* [WORK INSTRUCTIONS]: Say how many of the lines below contain the word "rule"; nothing else belongs in the answer.
** Opening DATA PROVIDED block **
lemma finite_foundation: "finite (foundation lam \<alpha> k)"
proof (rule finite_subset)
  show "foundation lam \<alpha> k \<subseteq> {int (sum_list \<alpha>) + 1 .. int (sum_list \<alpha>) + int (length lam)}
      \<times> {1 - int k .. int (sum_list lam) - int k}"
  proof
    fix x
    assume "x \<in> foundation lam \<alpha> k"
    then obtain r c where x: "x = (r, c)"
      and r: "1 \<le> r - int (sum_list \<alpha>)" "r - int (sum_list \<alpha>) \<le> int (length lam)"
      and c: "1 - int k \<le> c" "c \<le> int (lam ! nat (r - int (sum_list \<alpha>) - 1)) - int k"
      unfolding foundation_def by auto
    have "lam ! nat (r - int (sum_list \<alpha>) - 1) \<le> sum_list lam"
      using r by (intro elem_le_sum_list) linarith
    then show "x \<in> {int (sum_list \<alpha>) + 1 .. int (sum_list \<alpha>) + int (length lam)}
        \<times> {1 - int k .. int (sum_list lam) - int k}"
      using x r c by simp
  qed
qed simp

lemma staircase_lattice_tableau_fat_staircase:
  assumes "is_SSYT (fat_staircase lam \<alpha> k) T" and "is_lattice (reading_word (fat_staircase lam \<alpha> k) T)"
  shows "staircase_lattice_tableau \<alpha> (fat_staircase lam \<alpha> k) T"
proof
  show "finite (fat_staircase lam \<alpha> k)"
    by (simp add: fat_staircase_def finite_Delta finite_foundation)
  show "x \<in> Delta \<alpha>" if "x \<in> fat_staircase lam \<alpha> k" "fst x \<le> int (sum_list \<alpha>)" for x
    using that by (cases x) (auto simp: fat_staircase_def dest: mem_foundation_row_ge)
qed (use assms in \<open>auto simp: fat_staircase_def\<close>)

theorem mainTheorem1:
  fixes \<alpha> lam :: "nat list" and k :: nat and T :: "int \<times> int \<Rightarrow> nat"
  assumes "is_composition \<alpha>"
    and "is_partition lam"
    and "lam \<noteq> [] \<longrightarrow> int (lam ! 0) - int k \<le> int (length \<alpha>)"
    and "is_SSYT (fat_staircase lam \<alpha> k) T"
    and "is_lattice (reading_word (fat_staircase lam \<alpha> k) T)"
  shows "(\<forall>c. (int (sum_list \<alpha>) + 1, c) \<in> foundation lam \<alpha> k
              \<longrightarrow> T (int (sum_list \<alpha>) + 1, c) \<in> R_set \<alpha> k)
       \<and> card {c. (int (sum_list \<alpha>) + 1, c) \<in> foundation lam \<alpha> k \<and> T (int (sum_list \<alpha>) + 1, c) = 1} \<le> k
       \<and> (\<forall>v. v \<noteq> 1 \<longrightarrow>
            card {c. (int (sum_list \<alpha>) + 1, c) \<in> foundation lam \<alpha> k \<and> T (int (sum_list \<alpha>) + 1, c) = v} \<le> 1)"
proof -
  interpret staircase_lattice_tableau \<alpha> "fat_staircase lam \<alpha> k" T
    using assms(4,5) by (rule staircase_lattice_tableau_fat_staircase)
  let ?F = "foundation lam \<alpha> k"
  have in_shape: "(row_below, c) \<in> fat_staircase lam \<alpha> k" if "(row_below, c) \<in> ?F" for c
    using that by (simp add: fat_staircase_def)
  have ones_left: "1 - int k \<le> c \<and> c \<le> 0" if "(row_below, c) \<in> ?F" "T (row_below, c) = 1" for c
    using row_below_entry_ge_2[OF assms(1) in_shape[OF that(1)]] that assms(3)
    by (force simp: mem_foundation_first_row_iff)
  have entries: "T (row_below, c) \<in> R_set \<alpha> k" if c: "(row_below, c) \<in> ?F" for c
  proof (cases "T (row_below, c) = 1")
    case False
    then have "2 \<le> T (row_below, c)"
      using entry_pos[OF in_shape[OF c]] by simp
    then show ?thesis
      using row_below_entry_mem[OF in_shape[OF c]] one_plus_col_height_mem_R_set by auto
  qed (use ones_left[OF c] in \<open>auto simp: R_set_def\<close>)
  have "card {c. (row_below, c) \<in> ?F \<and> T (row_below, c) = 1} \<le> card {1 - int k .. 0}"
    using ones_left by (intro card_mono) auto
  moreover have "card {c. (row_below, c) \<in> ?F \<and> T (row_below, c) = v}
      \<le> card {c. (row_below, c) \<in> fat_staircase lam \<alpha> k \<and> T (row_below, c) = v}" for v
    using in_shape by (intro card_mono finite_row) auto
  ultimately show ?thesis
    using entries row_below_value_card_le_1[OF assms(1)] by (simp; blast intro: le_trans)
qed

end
** Closing DATA PROVIDED block **
** Opening DATA PROVIDED block **
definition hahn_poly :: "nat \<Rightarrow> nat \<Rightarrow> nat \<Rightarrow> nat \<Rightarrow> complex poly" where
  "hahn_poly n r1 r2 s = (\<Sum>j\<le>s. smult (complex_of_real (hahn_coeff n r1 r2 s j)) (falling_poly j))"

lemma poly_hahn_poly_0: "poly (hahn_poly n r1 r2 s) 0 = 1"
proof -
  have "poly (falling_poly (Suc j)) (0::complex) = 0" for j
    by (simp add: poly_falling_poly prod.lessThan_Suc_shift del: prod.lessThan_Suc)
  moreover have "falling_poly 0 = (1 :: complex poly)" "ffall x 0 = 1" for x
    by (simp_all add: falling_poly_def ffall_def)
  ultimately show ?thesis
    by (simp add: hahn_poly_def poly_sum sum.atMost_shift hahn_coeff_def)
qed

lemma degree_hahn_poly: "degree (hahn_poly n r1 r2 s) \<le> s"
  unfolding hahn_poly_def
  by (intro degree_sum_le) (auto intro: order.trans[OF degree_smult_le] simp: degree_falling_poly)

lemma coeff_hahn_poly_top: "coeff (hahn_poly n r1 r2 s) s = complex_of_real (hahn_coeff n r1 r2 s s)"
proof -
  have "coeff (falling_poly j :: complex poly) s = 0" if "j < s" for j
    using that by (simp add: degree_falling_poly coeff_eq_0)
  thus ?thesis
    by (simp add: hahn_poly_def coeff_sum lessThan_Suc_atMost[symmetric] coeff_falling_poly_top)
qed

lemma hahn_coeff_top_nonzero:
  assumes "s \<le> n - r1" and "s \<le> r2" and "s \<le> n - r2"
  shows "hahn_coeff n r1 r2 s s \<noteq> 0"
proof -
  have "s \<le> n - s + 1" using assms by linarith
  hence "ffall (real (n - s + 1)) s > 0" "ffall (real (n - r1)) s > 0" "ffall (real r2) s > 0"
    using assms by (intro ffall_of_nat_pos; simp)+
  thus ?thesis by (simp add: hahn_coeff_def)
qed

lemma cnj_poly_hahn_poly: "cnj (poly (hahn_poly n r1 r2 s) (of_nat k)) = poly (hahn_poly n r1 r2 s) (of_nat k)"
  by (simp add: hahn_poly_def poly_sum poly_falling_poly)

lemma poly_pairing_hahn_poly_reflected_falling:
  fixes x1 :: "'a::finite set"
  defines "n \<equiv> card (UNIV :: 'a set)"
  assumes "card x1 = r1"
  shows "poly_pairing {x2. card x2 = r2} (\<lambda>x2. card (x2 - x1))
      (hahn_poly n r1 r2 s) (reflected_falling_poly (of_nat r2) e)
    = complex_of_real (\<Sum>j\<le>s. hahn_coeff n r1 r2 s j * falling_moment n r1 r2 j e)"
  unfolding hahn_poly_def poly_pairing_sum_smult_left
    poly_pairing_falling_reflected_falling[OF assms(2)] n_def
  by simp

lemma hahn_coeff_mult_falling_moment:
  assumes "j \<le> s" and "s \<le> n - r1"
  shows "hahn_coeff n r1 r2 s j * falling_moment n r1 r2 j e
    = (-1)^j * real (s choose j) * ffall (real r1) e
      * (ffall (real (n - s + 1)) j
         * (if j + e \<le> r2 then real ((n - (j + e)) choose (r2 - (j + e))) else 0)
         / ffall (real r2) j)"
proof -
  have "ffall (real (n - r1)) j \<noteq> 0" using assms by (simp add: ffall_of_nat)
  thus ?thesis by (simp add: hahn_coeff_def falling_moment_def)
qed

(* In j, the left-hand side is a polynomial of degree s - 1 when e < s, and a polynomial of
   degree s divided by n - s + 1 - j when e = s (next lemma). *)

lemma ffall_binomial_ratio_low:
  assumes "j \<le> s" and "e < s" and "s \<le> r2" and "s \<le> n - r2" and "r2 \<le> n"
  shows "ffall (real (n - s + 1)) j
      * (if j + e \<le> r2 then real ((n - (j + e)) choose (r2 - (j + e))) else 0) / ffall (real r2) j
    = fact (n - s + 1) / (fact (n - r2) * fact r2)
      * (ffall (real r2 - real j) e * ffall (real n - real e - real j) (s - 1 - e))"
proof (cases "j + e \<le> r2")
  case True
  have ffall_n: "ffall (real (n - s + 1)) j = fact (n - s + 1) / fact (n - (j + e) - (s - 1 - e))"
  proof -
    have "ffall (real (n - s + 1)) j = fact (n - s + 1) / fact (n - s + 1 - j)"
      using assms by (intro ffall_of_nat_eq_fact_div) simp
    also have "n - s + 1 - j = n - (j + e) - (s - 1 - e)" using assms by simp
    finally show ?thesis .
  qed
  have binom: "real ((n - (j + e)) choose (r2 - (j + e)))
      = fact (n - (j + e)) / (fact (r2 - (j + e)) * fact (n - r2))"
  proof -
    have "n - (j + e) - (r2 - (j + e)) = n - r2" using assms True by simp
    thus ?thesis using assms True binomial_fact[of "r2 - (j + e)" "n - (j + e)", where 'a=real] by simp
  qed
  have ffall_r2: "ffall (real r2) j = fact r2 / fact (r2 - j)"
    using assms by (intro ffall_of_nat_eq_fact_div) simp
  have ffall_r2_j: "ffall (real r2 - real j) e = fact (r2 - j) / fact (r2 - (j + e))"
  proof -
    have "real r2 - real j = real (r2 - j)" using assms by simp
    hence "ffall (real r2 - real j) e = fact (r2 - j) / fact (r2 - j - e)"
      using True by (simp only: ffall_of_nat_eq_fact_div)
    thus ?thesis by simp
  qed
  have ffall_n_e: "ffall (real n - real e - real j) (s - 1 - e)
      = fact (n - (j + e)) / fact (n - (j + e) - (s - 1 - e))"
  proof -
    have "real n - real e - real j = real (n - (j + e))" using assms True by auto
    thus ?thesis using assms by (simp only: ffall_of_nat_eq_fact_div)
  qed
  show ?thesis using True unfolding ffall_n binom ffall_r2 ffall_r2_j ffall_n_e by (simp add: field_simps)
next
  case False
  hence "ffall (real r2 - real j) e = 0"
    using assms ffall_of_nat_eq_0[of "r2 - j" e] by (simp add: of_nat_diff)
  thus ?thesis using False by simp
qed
** Closing DATA PROVIDED block **
* [WRITTEN REPLY]: 2